In ems_wave1 we have information about all emulators. Let us take a look at the emulator of the number of recovered individuals at time \(t=200\):

ems_wave1$R200
## Parameters and ranges:  b: c(0, 1e-04): mu: c(0, 1e-04): beta1: c(0.2, 0.3): beta2: c(0.1, 0.2): beta3: c(0.3, 0.5): epsilon: c(0.07, 0.21): alpha: c(0.01, 0.025): gamma: c(0.05, 0.08): omega: c(0.002, 0.004) 
## Specifications: 
##   Basis functions:  (Intercept); b; mu; beta1; beta2; epsilon; alpha; gamma; omega 
##   Active variables b; mu; beta1; beta2; epsilon; alpha; gamma; omega 
##   Regression Surface Expectation:  496.7973; 2.1201; -3.1644; 8.4693; 23.29; -13.2785; -58.2566; -3.85; -57.486 
##   Regression surface Variance (eigenvalues):  0; 0; 0; 0; 0; 0; 0; 0; 0 
## Correlation Structure: 
## Bayes-adjusted emulator - prior specifications listed. 
##   Variance (Representative):  81.04376 
##   Expectation:  0 
##   Correlation type: exp_sq 
##   Hyperparameters:  theta: 0.55 
##   Nugget term: 0.05 
## Mixed covariance:  0 0 0 0 0 0 0 0 0

The print statement provides an overview of the emulator specifications, which refer to the global part, and correlation structure, which refers to the local part (see Section 2.3 for the distinction between the global and local part of an emulator):

  • Active variables: these are the variables that have the most explanatory power for the chosen output.

  • Basis Functions: these are the functions composing the vector \(g(x)\). Note that, since by default emulator_from_data uses quadratic regression for the global part of the emulator, the list of basis functions contains not only the active variables but also products of them.

  • First and second order specifications for \(\xi\) and \(u(x)\). Note that by default emulator_from_data assumes that the regression surface is known and its coefficients are fixed. This explains why Regression Surface Variance and Mixed Covariance (which shows the covariance of \(\xi\) and \(u(x)\)) are both zero. The term Variance refers to \(\sigma^2\) in \(u(x)\).

We can also plot the emulators to see how they represent the output space: the emulator_plot function does this for emulator expectation (default option), variance, standard deviation, and implausibility. The emulator expectation plots show the structure of the regression surface, which is at most quadratic in its parameters, through a 2D slice of the input space.

emulator_plot(ems_wave1$R200, params = c('beta1', 'gamma'))

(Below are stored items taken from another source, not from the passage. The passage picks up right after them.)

section \<open>Cycles and tori\<close>

lemma periodic_gcd:
  fixes f :: "int \<Rightarrow> 'a"
  assumes a: "\<And>x. f (x + a) = f x" and b: "\<And>x. f (x + b) = f x"
  shows "f (x + gcd a b) = f x"
proof -
  interpret A: periodic_fun_simple f a by standard (rule a)
  interpret B: periodic_fun_simple f b by standard (rule b)
  obtain u v where "u * a + v * b = gcd a b" using bezout_int by blast
  then have "f (x + gcd a b) = f ((x + of_int v * b) + of_int u * a)"
    by (simp add: algebra_simps)
  also have "\<dots> = f x" by (simp only: A.plus_of_int B.plus_of_int)
  finally show ?thesis .
qed

lemma gcd_5_eq_1: "\<not> 5 dvd m \<Longrightarrow> gcd 5 (int m) = 1"
  using prime_imp_coprime[of "5 :: int" "int m"] by (simp add: int_dvd_int_iff[of 5, simplified])

definition cycle_point :: "nat \<Rightarrow> int \<Rightarrow> nat" where
  "cycle_point m x = nat (x mod int m)"

lemma cycle_point_less: "m > 0 \<Longrightarrow> cycle_point m x < m"
  unfolding cycle_point_def by (simp add: nat_less_iff)

lemma cycle_point_of_nat: "i < m \<Longrightarrow> cycle_point m (int i) = i"
  unfolding cycle_point_def by (simp add: zmod_int)

lemma cycle_point_succ: "m > 0 \<Longrightarrow> cycle_point m (x + 1) = (cycle_point m x + 1) mod m"
proof -
  assume "m > 0"
  then have "int ((cycle_point m x + 1) mod m) = (x mod int m + 1) mod int m"
    unfolding cycle_point_def by (simp add: zmod_int add.commute)
  also have "\<dots> = (x + 1) mod int m" by (simp add: mod_add_left_eq)
  finally show ?thesis unfolding cycle_point_def by (metis nat_int)
qed

lemma cycle_point_eq_iff: "m > 0 \<Longrightarrow> cycle_point m x = cycle_point m x' \<longleftrightarrow> x mod int m = x' mod int m"
  unfolding cycle_point_def by (simp add: eq_nat_nat_iff)

lemma cycle_point_add_period: "cycle_point m (x + int m) = cycle_point m x"
  unfolding cycle_point_def by simp

lemma cycle_edges_eq:
  assumes "m > 0"
  shows "cycle_edges m = {{cycle_point m x, cycle_point m (x + 1)} | x. True}"
proof (intro equalityI subsetI)
  fix e assume "e \<in> cycle_edges m"
  then obtain i where "i < m" "e = {i, (i + 1) mod m}" unfolding cycle_edges_def by blast
  then have "e = {cycle_point m (int i), cycle_point m (int i + 1)}"
    using assms by (simp add: cycle_point_succ cycle_point_of_nat)
  then show "e \<in> {{cycle_point m x, cycle_point m (x + 1)} | x. True}" by blast
next
  fix e assume "e \<in> {{cycle_point m x, cycle_point m (x + 1)} | x. True}"
  then obtain x where "e = {cycle_point m x, (cycle_point m x + 1) mod m}"
    using assms by (auto simp: cycle_point_succ)
  then show "e \<in> cycle_edges m"
    unfolding cycle_edges_def using cycle_point_less[OF assms] by blast
qed

definition torus_point :: "nat \<Rightarrow> nat \<Rightarrow> int \<Rightarrow> int \<Rightarrow> nat \<times> nat" where
  "torus_point m n x y = (cycle_point m x, cycle_point n y)"

lemma torus_edges_iff:
  assumes m: "m > 0" and n: "n > 0"
  shows "e \<in> torus_edges m n \<longleftrightarrow>
    (\<exists>x y. e = {torus_point m n x y, torus_point m n (x + 1) y} \<or>
           e = {torus_point m n x y, torus_point m n x (y + 1)})" (is "_ \<longleftrightarrow> ?rhs")
proof
  assume "e \<in> torus_edges m n"
  then consider (vertical) u y where "u < m"
      "e = {(u, cycle_point n y), (u, cycle_point n (y + 1))}"
    | (horizontal) x v where "v < n"
      "e = {(cycle_point m x, v), (cycle_point m (x + 1), v)}"
    unfolding torus_edges_def cart_prod_edges_def cycle_edges_eq[OF m] cycle_edges_eq[OF n]
    by (auto simp: doubleton_eq_iff)
  then show ?rhs
  proof cases
    case vertical
    then have "e = {torus_point m n (int u) y, torus_point m n (int u) (y + 1)}"
      by (simp add: torus_point_def cycle_point_of_nat)
    then show ?thesis by blast
  next
    case horizontal
    then have "e = {torus_point m n x (int v), torus_point m n (x + 1) (int v)}"
      by (simp add: torus_point_def cycle_point_of_nat)
    then show ?thesis by blast
  qed
next
  assume ?rhs
  then show "e \<in> torus_edges m n"
    unfolding torus_edges_def cart_prod_edges_def cycle_edges_eq[OF m] cycle_edges_eq[OF n]
      torus_point_def
    using cycle_point_less[OF m] cycle_point_less[OF n] by fastforce
qed

lemma torus_point_eq_iff:
  "m > 0 \<Longrightarrow> n > 0 \<Longrightarrow> torus_point m n x y = torus_point m n x' y' \<longleftrightarrow>
    x mod int m = x' mod int m \<and> y mod int n = y' mod int n"
  by (simp add: torus_point_def cycle_point_eq_iff)

lemma torus_point_shift:
  assumes "m > 0" "n > 0" "torus_point m n x y = torus_point m n x' y'"
  shows "torus_point m n (x + a) (y + b) = torus_point m n (x' + a) (y' + b)"
  using assms by (auto simp: torus_point_eq_iff intro: mod_add_cong)

definition torus_nbrs :: "nat \<Rightarrow> nat \<Rightarrow> int \<Rightarrow> int \<Rightarrow> (nat \<times> nat) set" where
  "torus_nbrs m n x y = {torus_point m n (x + 1) y, torus_point m n (x - 1) y,
     torus_point m n x (y + 1), torus_point m n x (y - 1)}"

lemma torus_edge_iff_nbr:
  assumes m: "m > 0" and n: "n > 0"
  shows "{torus_point m n x y, w} \<in> torus_edges m n \<longleftrightarrow> w \<in> torus_nbrs m n x y"
proof
  assume "{torus_point m n x y, w} \<in> torus_edges m n"
  then obtain x' y' where "{torus_point m n x y, w} = {torus_point m n x' y', torus_point m n (x' + 1) y'}
      \<or> {torus_point m n x y, w} = {torus_point m n x' y', torus_point m n x' (y' + 1)}"
    using torus_edges_iff[OF m n] by blast
  then show "w \<in> torus_nbrs m n x y"
    unfolding torus_nbrs_def doubleton_eq_iff
    using torus_point_shift[OF m n, of x y x' y' 1 0] torus_point_shift[OF m n, of x y x' y' 0 1]
      torus_point_shift[OF m n, of x y "x' + 1" y' "-1" 0] torus_point_shift[OF m n, of x y x' "y' + 1" 0 "-1"]
    by auto
next
  assume "w \<in> torus_nbrs m n x y"
  moreover have
    "{torus_point m n x y, torus_point m n (x + 1) y} \<in> torus_edges m n"
    "{torus_point m n (x - 1) y, torus_point m n (x - 1 + 1) y} \<in> torus_edges m n"
    "{torus_point m n x y, torus_point m n x (y + 1)} \<in> torus_edges m n"
    "{torus_point m n x (y - 1), torus_point m n x (y - 1 + 1)} \<in> torus_edges m n"
    unfolding torus_edges_iff[OF m n] by blast+
  ultimately show "{torus_point m n x y, w} \<in> torus_edges m n"
    unfolding torus_nbrs_def by (auto simp: insert_commute)
qed

lemma torus_closed_nbhd_distinct:
  assumes m: "m \<ge> 3" and n: "n \<ge> 3"
  shows "distinct [torus_point m n (x + 1) y, torus_point m n (x - 1) y,
    torus_point m n x (y + 1), torus_point m n x (y - 1), torus_point m n x y]"
proof -
  have "\<not> int m dvd 2" "\<not> int n dvd 2" using m n by (auto dest: zdvd_imp_le)
  then show ?thesis using m n by (auto simp: torus_point_eq_iff mod_eq_dvd_iff)
qed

Here for each pair \((\bar \beta_1,\bar \gamma)\) the plot shows the expected value produced by the emulator ems_wave1$R200 at the parameter set having \(\beta_1=\bar \beta_1\), \(\gamma=\bar \gamma\) and all other parameters equal to their mid-range value (the ranges of parameters are those that were passed to emulator_from_data to train ems_wave1).

Looking at what variables are active for different emulators is often an instructive exercise. The code below produces a plot that shows all dependencies at once.

plot_actives(ems_wave1)

From this table, we can immediately see that mu is inactive for most outputs, while beta1, beta2, epsilon, alpha, gamma are active for most outputs. We also see that beta3 tends to be active for outputs at later times and inactive for outputs at earlier times, as one would expect. Note that beta3 is active for R100: even if this is not necessarily what we would have expected, this is not a problem. This is because emulators make use both of the regression hypersurface and of weakly stationary processes to account for differences between the model output and the regression surface. In particular, we should not expect the regression surface to be able to perfectly capture the model output’s behaviour.

As mentioned above, emulator_plot can also plot the variance of a given emulator:

emulator_plot(ems_wave1$R200, plot_type = 'var', params = c('beta1', 'gamma'))

This plot shows the presence of a training point (purple-blue area on the right) close to the chosen slice of the input space. The purple-blue area indicates that the variance is low when we are close to the training point, which is in accordance with our expectation.